## EXERCISE DETAILS
Within the material below, locate the line with "(real \<times> real \<Rightarrow> real) \<Rightarrow> (real" and the line with "(* mean curvature", then return those two lines and all lines between them, exactly as written.

## DATA TO PROCESS
(* Let $\varphi:\mathbb{R}\to\mathbb{R}$ be smooth with at most quadratic growth. Then the Omori–Yau maximum principle for $\Delta^{\varphi}$ holds on every properly immersed $[\varphi,\vec e_3]$-minimal surface $\Sigma$ in $\mathbb{R}^3$; in particular $\Sigma$ is $\varphi$-stochastically complete.
   Context: Surfaces are connected, orientable, immersed in $\mathbb{R}^3$, without boundary, with unit normal $N$; $\mu(p)=\langle p,\vec e_3\rangle$, $\eta=\langle N,\vec e_3\rangle$. $\Sigma$ is $[\varphi,\vec e_3]$-minimal if its mean curvature vector $\vec H$ (trace of the second fundamental form) satisfies $\vec H=\dot\varphi(\mu)\eta N$. "At most quadratic growth" means there is $C>0$ with $|\dot\varphi(t)|\le C(1+|t|)$ for all $t$. $\Delta^{\varphi}u=\Delta u+\langle\nabla(\varphi\circ\mu),\nabla u\rangle$ on $\Sigma$ (induced metric). The Omori–Yau maximum principle for $\Delta^\varphi$ holds on $\Sigma$ if for every $u\in C^2(\Sigma)$ with $u^*=\sup_\Sigma u<+\infty$ there is a sequence $p_n$ with $u(p_n)>u^*-1/n$, $|\nabla u(p_n)|<1/n$ and $\Delta^\varphi u(p_n)<1/n$ for all $n$; $\varphi$-stochastic completeness is the same statement without the gradient condition. *)

theory Defs
  imports "HOL-Analysis.Analysis"
begin

definition ee :: "nat \<Rightarrow> real \<times> real" where
  "ee i = (if i = 1 then (1, 0) else (0, 1))"

definition pd :: "nat \<Rightarrow> (real \<times> real \<Rightarrow> 'b::real_normed_vector) \<Rightarrow> real \<times> real \<Rightarrow> 'b" where
  "pd i f x = frechet_derivative f (at x) (ee i)"

primrec Ck :: "nat \<Rightarrow> (real \<times> real) set \<Rightarrow> (real \<times> real \<Rightarrow> 'b::real_normed_vector) \<Rightarrow> bool" where
  "Ck 0 S f = continuous_on S f"
| "Ck (Suc k) S f = (continuous_on S f \<and> f differentiable_on S \<and> Ck k S (pd 1 f) \<and> Ck k S (pd 2 f))"

definition smooth2 :: "(real \<times> real) set \<Rightarrow> (real \<times> real \<Rightarrow> 'b::real_normed_vector) \<Rightarrow> bool" where
  "smooth2 S f = (\<forall>k. Ck k S f)"

definition smooth_real :: "(real \<Rightarrow> real) \<Rightarrow> bool" where
  "smooth_real f = (\<forall>k x. ((deriv ^^ k) f) differentiable (at x))"

definition e3comp :: "real \<times> real \<times> real \<Rightarrow> real" where
  "e3comp p = p \<bullet> (0, 0, 1)"

(* Local geometry of a parametrisation X : U \<subseteq> R^2 \<rightarrow> R^3 (X = F \<circ> chart) *)
definition gmet :: "(real \<times> real \<Rightarrow> real \<times> real \<times> real) \<Rightarrow> nat \<Rightarrow> nat \<Rightarrow> real \<times> real \<Rightarrow> real" where
  "gmet X i j x = pd i X x \<bullet> pd j X x"

definition gdet :: "(real \<times> real \<Rightarrow> real \<times> real \<times> real) \<Rightarrow> real \<times> real \<Rightarrow> real" where
  "gdet X x = gmet X 1 1 x * gmet X 2 2 x - gmet X 1 2 x * gmet X 2 1 x"

definition ginv :: "(real \<times> real \<Rightarrow> real \<times> real \<times> real) \<Rightarrow> nat \<Rightarrow> nat \<Rightarrow> real \<times> real \<Rightarrow> real" where
  "ginv X i j x = (if i = j then gmet X (3 - i) (3 - j) x else - gmet X i j x) / gdet X x"

definition grad_inner :: "(real \<times> real \<Rightarrow> real \<times> real \<times> real) \<Rightarrow> (real \<times> real \<Rightarrow> real) \<Rightarrow> (real \<times> real \<Rightarrow> real) \<Rightarrow> real \<times> real \<Rightarrow> real" where
  "grad_inner X f u x = (\<Sum>i\<in>{1,2}. \<Sum>j\<in>{1,2}. ginv X i j x * pd i f x * pd j u x)"

definition lap :: "(real \<times> real \<Rightarrow> real \<times> real \<times> real) \<Rightarrow> (real \<times> real \<Rightarrow> real) \<Rightarrow> real \<times> real \<Rightarrow> real" where
  "lap X u x = (\<Sum>i\<in>{1,2}. pd i (\<lambda>y. sqrt (gdet X y) * (\<Sum>j\<in>{1,2}. ginv X i j y * pd j u y)) x)
                / sqrt (gdet X x)"

definition phi_lap :: "(real \<Rightarrow> real) \<Rightarrow> (real \<times> real \<Rightarrow> real \<times> real \<times> real) \<Rightarrow> (real \<times> real \<Rightarrow> real) \<Rightarrow> real \<times> real \<Rightarrow> real" where
  "phi_lap \<phi> X u x = lap X u x + grad_inner X (\<lambda>y. \<phi> (e3comp (X y))) u x"

(* mean curvature vector = trace of the second fundamental form II(X_i,X_j) = <X_ij, N> N *)
definition mean_curv_vec :: "(real \<times> real \<Rightarrow> real \<times> real \<times> real) \<Rightarrow> (real \<times> real \<Rightarrow> real \<times> real \<times> real) \<Rightarrow> real \<times> real \<Rightarrow> real \<times> real \<times> real" where
  "mean_curv_vec X Nl x = (\<Sum>i\<in>{1,2}. \<Sum>j\<in>{1,2}. ginv X i j x * (pd j (pd i X) x \<bullet> Nl x)) *\<^sub>R Nl x"

(* A connected oriented smooth surface without boundary (Hausdorff, second countable, given by a
   smooth atlas A of charts c : U \<rightarrow> \<Sigma>, U \<subseteq> R^2 open), immersed in R^3 by F, with unit normal N. *)
definition immersed_surface ::
  "((real \<times> real) set \<times> (real \<times> real \<Rightarrow> 'm::{t2_space, second_countable_topology})) set
   \<Rightarrow> ('m \<Rightarrow> real \<times> real \<times> real) \<Rightarrow> ('m \<Rightarrow> real \<times> real \<times> real) \<Rightarrow> bool" where
  "immersed_surface A F N \<longleftrightarrow>
     connected (UNIV :: 'm set)
   \<and> (\<Union>(U, c)\<in>A. c ` U) = UNIV
   \<and> (\<forall>(U, c)\<in>A. open U \<and> open (c ` U) \<and> (\<exists>c'. homeomorphism U (c ` U) c c'))
   \<and> (\<forall>(U, c)\<in>A. \<forall>(V, d)\<in>A.
        smooth2 (U \<inter> c -` (d ` V)) (inv_into V d \<circ> c))
   \<and> (\<forall>(U, c)\<in>A. smooth2 U (F \<circ> c) \<and> smooth2 U (N \<circ> c)
        \<and> (\<forall>x\<in>U. (\<forall>a b. a *\<^sub>R pd 1 (F \<circ> c) x + b *\<^sub>R pd 2 (F \<circ> c) x = 0 \<longrightarrow> a = 0 \<and> b = 0)
                 \<and> norm (N (c x)) = 1
                 \<and> N (c x) \<bullet> pd 1 (F \<circ> c) x = 0 \<and> N (c x) \<bullet> pd 2 (F \<circ> c) x = 0))"

definition proper_immersion :: "('m::topological_space \<Rightarrow> real \<times> real \<times> real) \<Rightarrow> bool" where
  "proper_immersion F \<longleftrightarrow> (\<forall>K. compact K \<longrightarrow> compact (F -` K))"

## RESPONSE TO THIS TASK
definition grad_inner :: "(real \<times> real \<Rightarrow> real \<times> real \<times> real) \<Rightarrow> (real \<times> real \<Rightarrow> real) \<Rightarrow> (real \<times> real \<Rightarrow> real) \<Rightarrow> real \<times> real \<Rightarrow> real" where
  "grad_inner X f u x = (\<Sum>i\<in>{1,2}. \<Sum>j\<in>{1,2}. ginv X i j x * pd i f x * pd j u x)"

definition lap :: "(real \<times> real \<Rightarrow> real \<times> real \<times> real) \<Rightarrow> (real \<times> real \<Rightarrow> real) \<Rightarrow> real \<times> real \<Rightarrow> real" where
  "lap X u x = (\<Sum>i\<in>{1,2}. pd i (\<lambda>y. sqrt (gdet X y) * (\<Sum>j\<in>{1,2}. ginv X i j y * pd j u y)) x)
                / sqrt (gdet X x)"

definition phi_lap :: "(real \<Rightarrow> real) \<Rightarrow> (real \<times> real \<Rightarrow> real \<times> real \<times> real) \<Rightarrow> (real \<times> real \<Rightarrow> real) \<Rightarrow> real \<times> real \<Rightarrow> real" where
  "phi_lap \<phi> X u x = lap X u x + grad_inner X (\<lambda>y. \<phi> (e3comp (X y))) u x"

(* mean curvature vector = trace of the second fundamental form II(X_i,X_j) = <X_ij, N> N *)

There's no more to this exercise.